* _Stored data_:
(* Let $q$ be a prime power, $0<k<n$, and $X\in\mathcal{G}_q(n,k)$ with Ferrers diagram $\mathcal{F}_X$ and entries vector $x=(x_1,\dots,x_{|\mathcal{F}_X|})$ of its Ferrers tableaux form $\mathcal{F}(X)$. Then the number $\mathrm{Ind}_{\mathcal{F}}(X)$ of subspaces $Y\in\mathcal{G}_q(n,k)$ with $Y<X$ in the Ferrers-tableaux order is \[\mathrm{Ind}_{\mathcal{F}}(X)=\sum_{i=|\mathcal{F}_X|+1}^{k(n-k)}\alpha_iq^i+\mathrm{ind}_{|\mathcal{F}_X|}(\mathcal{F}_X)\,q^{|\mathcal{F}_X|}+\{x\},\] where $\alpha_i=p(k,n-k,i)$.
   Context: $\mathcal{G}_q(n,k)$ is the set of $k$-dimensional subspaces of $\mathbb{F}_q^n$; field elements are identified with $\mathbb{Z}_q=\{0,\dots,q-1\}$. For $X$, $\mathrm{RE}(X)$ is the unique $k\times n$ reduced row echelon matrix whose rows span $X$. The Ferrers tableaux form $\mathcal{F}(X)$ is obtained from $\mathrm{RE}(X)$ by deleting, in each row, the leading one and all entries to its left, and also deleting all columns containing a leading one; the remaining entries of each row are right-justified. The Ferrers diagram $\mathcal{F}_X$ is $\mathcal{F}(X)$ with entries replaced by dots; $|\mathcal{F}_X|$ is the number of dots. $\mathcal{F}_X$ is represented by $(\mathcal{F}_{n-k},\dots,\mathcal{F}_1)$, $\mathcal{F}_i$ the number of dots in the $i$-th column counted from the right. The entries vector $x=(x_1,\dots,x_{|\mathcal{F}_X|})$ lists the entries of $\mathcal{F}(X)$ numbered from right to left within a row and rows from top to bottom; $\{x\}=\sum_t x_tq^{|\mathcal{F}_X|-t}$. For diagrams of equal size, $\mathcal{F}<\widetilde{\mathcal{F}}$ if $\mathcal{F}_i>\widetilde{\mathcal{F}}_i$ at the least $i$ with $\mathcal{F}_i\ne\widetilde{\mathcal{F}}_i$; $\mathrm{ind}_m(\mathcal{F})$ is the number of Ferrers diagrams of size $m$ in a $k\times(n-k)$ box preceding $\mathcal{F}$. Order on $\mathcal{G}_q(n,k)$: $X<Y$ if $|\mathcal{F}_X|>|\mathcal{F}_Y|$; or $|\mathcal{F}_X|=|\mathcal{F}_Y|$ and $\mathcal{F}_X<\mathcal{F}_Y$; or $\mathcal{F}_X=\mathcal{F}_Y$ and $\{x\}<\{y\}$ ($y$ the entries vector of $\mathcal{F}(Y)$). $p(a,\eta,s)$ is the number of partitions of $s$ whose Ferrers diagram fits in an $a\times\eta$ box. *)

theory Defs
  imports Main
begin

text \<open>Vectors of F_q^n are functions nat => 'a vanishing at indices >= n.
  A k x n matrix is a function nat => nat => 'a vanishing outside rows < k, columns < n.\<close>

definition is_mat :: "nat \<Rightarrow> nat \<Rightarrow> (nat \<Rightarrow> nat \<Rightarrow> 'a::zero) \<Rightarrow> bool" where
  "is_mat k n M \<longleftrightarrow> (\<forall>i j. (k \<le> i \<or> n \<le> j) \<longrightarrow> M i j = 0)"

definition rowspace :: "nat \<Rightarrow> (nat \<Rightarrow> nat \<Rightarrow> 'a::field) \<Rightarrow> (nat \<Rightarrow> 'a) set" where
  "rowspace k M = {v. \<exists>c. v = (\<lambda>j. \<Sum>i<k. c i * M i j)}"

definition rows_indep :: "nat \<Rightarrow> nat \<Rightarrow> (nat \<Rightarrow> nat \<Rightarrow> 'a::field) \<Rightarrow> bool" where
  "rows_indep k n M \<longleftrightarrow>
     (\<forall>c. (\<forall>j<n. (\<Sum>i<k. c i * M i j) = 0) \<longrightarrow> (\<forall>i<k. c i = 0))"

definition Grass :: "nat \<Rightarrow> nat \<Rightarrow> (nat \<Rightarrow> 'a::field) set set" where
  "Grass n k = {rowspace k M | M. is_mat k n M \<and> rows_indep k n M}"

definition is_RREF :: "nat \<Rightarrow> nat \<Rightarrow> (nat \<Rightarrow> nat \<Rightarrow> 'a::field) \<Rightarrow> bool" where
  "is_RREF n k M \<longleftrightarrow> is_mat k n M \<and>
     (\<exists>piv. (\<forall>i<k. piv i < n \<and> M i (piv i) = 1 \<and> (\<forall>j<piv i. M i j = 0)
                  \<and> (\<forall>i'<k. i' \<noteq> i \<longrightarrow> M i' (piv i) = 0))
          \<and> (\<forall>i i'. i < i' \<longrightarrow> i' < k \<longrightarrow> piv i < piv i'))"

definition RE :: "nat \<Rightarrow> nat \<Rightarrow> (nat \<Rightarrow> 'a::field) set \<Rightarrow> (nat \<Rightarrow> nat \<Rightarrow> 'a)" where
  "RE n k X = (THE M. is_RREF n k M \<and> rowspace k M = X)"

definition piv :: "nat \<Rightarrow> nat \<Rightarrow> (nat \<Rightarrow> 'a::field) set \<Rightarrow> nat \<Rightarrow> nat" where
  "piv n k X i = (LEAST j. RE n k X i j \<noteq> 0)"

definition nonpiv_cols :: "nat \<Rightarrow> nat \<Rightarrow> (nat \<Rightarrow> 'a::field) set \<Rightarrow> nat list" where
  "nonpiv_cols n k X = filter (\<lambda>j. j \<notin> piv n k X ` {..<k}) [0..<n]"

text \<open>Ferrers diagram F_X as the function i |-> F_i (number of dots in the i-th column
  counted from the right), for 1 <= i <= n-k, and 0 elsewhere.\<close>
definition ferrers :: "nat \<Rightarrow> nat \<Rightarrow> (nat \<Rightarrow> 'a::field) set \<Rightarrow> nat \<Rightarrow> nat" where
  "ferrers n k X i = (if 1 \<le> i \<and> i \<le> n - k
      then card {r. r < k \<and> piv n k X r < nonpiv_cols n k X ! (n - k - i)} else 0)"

---

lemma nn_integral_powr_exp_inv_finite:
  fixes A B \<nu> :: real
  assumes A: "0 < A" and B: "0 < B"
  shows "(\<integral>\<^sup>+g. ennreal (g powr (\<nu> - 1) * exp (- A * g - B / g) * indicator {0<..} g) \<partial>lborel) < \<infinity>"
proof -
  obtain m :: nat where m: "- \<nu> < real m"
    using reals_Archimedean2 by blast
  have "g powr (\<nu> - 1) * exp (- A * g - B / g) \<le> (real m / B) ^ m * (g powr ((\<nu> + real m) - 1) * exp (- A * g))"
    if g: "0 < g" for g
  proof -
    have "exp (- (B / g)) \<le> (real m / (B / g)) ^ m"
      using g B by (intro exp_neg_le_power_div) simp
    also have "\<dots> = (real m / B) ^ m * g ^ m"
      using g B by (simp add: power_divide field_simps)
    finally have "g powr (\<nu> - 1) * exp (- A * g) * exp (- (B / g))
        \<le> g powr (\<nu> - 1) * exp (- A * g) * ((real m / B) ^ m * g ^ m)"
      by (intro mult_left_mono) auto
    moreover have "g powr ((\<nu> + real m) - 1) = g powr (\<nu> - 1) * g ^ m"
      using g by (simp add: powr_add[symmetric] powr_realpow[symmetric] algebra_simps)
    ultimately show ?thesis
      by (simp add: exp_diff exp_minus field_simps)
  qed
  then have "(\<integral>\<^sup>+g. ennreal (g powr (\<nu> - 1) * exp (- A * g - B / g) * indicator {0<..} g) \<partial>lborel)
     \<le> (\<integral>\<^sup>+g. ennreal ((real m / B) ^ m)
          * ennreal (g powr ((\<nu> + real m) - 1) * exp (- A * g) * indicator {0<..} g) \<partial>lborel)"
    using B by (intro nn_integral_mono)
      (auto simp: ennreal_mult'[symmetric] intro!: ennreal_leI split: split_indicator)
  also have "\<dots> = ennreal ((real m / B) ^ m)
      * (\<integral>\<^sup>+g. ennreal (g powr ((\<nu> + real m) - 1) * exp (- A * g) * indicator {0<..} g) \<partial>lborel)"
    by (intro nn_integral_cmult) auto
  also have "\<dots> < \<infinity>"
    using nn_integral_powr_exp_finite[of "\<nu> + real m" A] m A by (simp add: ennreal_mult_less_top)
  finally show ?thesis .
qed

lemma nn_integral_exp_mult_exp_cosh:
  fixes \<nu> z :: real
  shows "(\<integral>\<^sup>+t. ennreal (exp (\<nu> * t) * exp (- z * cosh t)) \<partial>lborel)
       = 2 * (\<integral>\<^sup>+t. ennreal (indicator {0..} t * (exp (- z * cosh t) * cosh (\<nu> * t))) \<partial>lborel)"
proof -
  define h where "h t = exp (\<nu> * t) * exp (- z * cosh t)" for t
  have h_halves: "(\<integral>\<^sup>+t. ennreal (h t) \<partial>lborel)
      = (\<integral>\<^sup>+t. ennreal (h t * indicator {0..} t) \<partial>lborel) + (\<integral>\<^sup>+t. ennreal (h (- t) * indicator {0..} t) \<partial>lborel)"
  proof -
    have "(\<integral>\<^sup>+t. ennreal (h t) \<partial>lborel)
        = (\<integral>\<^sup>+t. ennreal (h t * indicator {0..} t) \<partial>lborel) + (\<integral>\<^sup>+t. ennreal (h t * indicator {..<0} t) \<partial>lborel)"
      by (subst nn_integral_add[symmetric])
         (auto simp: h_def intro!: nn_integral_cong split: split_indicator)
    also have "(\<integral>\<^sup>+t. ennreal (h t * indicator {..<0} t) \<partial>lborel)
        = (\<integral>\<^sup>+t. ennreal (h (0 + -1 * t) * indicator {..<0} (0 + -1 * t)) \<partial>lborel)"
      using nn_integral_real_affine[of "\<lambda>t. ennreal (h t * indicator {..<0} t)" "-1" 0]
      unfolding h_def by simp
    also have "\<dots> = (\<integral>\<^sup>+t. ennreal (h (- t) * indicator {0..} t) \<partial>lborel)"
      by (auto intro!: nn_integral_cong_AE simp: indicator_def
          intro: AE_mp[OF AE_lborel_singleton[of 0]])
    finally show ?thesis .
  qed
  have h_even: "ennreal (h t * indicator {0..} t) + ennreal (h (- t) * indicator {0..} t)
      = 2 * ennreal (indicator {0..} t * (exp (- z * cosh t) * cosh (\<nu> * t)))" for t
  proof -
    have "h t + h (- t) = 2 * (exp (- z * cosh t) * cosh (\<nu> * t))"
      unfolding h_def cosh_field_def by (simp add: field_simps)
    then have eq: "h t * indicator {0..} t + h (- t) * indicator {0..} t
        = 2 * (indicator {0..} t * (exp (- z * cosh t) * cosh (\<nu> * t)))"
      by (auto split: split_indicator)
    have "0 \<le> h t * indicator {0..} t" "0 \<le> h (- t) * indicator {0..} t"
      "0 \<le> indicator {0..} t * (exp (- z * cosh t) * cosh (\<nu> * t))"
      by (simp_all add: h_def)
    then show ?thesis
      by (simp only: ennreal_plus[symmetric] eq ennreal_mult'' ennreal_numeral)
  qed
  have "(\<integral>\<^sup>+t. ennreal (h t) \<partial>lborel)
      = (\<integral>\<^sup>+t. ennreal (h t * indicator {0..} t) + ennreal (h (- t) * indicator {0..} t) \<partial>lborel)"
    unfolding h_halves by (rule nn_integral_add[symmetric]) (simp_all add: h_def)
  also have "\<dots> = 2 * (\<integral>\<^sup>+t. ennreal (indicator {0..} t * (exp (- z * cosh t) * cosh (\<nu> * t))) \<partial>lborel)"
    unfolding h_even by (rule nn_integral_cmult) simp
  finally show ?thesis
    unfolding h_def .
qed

* * *

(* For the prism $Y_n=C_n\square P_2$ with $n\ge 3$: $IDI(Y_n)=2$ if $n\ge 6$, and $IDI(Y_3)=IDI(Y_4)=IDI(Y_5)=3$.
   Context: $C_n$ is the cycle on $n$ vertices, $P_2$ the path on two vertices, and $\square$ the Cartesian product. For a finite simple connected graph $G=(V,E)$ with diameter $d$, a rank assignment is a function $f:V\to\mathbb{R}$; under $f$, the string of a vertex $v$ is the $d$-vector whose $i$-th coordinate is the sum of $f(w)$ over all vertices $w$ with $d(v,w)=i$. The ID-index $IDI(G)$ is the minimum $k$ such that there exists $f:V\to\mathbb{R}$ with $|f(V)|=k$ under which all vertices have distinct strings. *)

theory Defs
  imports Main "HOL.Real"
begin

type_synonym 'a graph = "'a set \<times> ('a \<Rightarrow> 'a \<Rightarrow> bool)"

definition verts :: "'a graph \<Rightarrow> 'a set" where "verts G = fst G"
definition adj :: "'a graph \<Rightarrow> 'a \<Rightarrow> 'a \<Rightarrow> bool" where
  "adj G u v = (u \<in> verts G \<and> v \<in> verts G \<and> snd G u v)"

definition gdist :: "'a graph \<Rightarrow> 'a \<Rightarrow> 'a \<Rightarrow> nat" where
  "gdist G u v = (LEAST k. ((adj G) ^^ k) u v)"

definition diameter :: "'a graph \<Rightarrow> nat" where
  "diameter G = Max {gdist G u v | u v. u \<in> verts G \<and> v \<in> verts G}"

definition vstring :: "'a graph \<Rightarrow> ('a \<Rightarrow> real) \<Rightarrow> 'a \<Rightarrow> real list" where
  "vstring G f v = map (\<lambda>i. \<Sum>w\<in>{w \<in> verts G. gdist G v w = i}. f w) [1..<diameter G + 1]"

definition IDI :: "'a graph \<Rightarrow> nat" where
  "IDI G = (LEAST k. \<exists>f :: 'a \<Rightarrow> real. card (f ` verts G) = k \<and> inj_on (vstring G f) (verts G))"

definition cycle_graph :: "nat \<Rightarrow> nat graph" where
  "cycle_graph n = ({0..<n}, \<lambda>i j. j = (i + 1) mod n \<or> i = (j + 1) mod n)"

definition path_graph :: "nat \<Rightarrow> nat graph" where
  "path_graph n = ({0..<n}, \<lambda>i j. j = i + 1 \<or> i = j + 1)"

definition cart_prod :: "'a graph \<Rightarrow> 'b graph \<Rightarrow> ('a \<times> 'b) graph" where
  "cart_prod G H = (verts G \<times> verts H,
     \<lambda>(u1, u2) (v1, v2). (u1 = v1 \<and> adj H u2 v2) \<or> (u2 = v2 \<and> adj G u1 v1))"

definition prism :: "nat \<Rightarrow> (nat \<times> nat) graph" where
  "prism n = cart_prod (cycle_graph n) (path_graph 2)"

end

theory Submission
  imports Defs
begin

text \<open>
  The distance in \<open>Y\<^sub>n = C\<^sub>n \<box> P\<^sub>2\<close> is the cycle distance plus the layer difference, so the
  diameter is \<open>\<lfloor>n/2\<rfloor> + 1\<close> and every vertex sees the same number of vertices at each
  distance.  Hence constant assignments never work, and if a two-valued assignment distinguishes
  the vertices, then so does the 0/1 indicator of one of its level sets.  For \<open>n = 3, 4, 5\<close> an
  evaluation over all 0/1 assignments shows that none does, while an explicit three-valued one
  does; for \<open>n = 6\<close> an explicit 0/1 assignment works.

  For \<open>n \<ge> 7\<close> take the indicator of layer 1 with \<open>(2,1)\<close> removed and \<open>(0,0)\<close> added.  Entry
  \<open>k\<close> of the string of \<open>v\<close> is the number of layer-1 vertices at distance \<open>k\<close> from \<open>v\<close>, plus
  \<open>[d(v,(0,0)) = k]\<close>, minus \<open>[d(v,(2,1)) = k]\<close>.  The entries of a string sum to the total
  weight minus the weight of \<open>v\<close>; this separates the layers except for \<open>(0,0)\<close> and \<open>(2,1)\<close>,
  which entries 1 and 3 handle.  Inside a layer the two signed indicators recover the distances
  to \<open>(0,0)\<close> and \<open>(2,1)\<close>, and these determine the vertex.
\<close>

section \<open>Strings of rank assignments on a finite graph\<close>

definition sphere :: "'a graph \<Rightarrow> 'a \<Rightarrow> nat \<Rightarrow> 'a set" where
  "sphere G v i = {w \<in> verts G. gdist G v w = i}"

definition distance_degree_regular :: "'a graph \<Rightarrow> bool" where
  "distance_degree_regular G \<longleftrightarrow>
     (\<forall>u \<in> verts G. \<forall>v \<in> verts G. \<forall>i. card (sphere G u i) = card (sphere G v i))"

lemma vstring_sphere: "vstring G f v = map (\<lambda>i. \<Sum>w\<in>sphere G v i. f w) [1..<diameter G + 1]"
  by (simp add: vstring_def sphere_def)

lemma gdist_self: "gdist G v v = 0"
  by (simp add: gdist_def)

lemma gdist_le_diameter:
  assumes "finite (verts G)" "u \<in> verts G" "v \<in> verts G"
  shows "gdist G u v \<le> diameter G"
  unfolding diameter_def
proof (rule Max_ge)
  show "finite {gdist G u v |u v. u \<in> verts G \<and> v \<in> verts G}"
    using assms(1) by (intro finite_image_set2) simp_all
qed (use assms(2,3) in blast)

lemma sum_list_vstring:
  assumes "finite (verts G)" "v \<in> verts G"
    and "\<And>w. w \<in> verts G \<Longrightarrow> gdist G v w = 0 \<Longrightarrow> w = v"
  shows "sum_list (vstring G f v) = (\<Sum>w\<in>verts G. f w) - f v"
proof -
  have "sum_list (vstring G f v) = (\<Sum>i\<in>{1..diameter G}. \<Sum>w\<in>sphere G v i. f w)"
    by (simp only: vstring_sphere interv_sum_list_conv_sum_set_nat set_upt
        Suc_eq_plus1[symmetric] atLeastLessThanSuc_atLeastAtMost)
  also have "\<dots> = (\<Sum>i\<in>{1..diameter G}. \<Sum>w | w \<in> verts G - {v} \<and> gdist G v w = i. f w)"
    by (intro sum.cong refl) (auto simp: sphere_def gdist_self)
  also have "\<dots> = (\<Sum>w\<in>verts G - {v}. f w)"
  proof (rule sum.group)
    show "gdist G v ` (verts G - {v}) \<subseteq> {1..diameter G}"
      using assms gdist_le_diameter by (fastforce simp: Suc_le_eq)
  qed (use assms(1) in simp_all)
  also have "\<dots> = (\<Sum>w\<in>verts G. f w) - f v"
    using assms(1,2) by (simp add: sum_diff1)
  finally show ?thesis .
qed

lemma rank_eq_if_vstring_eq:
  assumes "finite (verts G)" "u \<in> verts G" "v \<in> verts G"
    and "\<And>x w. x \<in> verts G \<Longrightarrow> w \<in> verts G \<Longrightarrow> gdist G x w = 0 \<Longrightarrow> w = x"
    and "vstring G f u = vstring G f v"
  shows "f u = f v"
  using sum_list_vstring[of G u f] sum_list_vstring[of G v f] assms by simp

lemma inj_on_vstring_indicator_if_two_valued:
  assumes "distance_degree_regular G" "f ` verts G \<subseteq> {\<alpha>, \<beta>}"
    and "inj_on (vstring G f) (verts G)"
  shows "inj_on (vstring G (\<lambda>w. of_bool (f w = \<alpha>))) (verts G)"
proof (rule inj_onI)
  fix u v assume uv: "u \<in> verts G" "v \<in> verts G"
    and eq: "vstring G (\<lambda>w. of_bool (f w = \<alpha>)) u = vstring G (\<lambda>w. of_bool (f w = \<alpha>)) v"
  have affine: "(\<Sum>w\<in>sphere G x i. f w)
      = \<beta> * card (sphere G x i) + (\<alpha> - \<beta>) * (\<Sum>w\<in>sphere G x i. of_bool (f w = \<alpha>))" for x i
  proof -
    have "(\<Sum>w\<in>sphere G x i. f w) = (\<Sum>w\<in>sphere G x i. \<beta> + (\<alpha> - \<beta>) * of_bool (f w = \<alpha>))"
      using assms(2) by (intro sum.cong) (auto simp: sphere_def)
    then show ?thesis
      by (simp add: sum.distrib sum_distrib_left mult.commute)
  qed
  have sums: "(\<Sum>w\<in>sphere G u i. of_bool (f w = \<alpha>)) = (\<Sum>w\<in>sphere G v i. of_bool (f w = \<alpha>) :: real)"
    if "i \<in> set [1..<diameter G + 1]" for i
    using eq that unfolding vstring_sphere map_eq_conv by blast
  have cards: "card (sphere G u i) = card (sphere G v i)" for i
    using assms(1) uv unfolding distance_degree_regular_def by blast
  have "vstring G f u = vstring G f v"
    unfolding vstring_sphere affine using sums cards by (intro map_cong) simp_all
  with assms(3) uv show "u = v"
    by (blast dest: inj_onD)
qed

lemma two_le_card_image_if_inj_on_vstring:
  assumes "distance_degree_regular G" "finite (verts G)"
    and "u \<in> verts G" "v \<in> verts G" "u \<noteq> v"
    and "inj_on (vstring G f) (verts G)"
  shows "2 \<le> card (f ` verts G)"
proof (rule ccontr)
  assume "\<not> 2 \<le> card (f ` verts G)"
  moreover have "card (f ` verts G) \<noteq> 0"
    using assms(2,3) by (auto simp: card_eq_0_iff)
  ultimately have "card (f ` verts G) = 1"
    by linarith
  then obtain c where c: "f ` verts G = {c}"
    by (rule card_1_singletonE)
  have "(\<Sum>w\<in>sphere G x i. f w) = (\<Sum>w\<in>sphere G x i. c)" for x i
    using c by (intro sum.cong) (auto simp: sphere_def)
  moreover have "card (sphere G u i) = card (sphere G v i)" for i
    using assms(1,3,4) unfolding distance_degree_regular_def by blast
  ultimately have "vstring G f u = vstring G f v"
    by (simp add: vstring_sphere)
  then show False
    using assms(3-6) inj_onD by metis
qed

* _Instructions for the task_: Copy each line of the data that includes the word "symmetric".

* _Result for this exercise_:
      using g by (simp add: powr_add[symmetric] powr_realpow[symmetric] algebra_simps)
      (auto simp: ennreal_mult'[symmetric] intro!: ennreal_leI split: split_indicator)
      by (subst nn_integral_add[symmetric])
      by (simp only: ennreal_plus[symmetric] eq ennreal_mult'' ennreal_numeral)
    unfolding h_halves by (rule nn_integral_add[symmetric]) (simp_all add: h_def)
        Suc_eq_plus1[symmetric] atLeastLessThanSuc_atLeastAtMost)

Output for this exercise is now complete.